Stored data entries:
Segment Open
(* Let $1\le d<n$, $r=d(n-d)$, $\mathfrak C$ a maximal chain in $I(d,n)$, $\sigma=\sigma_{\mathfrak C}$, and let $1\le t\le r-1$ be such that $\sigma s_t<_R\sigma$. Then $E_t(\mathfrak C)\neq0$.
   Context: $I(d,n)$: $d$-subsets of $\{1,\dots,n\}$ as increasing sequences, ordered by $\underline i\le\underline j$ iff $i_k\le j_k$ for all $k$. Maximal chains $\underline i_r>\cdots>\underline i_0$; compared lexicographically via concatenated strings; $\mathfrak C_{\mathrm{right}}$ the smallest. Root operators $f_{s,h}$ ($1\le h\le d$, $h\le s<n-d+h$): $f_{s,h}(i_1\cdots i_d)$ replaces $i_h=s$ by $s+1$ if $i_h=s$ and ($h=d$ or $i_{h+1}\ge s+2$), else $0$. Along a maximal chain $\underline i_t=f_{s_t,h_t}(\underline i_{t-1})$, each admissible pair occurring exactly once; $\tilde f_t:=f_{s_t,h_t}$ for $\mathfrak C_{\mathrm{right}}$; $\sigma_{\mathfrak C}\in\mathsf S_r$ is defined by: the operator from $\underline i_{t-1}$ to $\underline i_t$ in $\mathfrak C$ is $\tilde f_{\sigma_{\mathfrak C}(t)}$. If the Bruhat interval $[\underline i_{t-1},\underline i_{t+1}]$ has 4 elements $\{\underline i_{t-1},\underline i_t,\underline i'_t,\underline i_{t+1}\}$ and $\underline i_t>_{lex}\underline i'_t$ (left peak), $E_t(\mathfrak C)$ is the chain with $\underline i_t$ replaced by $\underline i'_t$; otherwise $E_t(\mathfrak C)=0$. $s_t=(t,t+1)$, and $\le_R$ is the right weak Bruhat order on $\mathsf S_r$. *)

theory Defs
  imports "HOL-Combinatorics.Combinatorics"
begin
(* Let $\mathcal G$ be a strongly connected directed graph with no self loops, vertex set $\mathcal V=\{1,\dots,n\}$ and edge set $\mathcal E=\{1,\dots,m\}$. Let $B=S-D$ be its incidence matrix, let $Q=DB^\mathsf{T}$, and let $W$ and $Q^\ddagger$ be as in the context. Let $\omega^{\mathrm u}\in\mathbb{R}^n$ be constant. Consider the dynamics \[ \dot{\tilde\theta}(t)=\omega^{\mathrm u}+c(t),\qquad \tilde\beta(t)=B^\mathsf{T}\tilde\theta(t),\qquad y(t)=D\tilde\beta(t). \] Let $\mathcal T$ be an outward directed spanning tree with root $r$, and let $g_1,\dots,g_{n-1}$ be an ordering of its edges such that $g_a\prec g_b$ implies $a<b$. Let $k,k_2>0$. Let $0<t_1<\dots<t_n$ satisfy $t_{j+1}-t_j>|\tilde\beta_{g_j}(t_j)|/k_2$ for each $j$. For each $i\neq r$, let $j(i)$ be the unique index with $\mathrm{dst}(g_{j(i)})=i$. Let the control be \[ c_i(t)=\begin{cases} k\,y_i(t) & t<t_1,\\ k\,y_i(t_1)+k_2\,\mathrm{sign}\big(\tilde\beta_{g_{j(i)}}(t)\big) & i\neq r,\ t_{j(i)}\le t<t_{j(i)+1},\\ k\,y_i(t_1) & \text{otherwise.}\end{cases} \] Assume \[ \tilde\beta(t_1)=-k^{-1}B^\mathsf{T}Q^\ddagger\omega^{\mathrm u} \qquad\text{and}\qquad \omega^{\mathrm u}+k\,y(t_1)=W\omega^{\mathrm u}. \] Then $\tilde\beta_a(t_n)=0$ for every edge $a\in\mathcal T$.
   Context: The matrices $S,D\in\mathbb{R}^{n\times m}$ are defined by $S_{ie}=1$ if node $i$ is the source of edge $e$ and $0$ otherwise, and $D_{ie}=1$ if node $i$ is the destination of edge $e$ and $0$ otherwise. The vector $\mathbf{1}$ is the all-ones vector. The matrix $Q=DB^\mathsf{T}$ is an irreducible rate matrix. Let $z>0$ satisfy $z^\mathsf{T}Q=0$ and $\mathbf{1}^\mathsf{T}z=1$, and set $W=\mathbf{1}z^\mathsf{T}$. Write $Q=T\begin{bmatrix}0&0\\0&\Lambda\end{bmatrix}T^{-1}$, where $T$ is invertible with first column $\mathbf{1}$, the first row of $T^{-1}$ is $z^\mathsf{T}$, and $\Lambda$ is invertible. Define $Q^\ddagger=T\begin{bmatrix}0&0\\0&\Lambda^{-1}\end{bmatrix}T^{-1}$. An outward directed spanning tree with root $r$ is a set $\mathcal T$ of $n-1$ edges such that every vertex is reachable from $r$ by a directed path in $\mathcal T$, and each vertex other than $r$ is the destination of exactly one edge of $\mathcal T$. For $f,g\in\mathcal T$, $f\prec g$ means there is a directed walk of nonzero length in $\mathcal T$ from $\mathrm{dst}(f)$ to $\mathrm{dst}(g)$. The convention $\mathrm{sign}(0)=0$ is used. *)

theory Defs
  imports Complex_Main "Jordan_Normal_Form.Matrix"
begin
Segment Closed
• Prompt: Counting only lines that hold the string "imports", give the number of such lines in the records. Write nothing else.

• Solution to this exercise: 2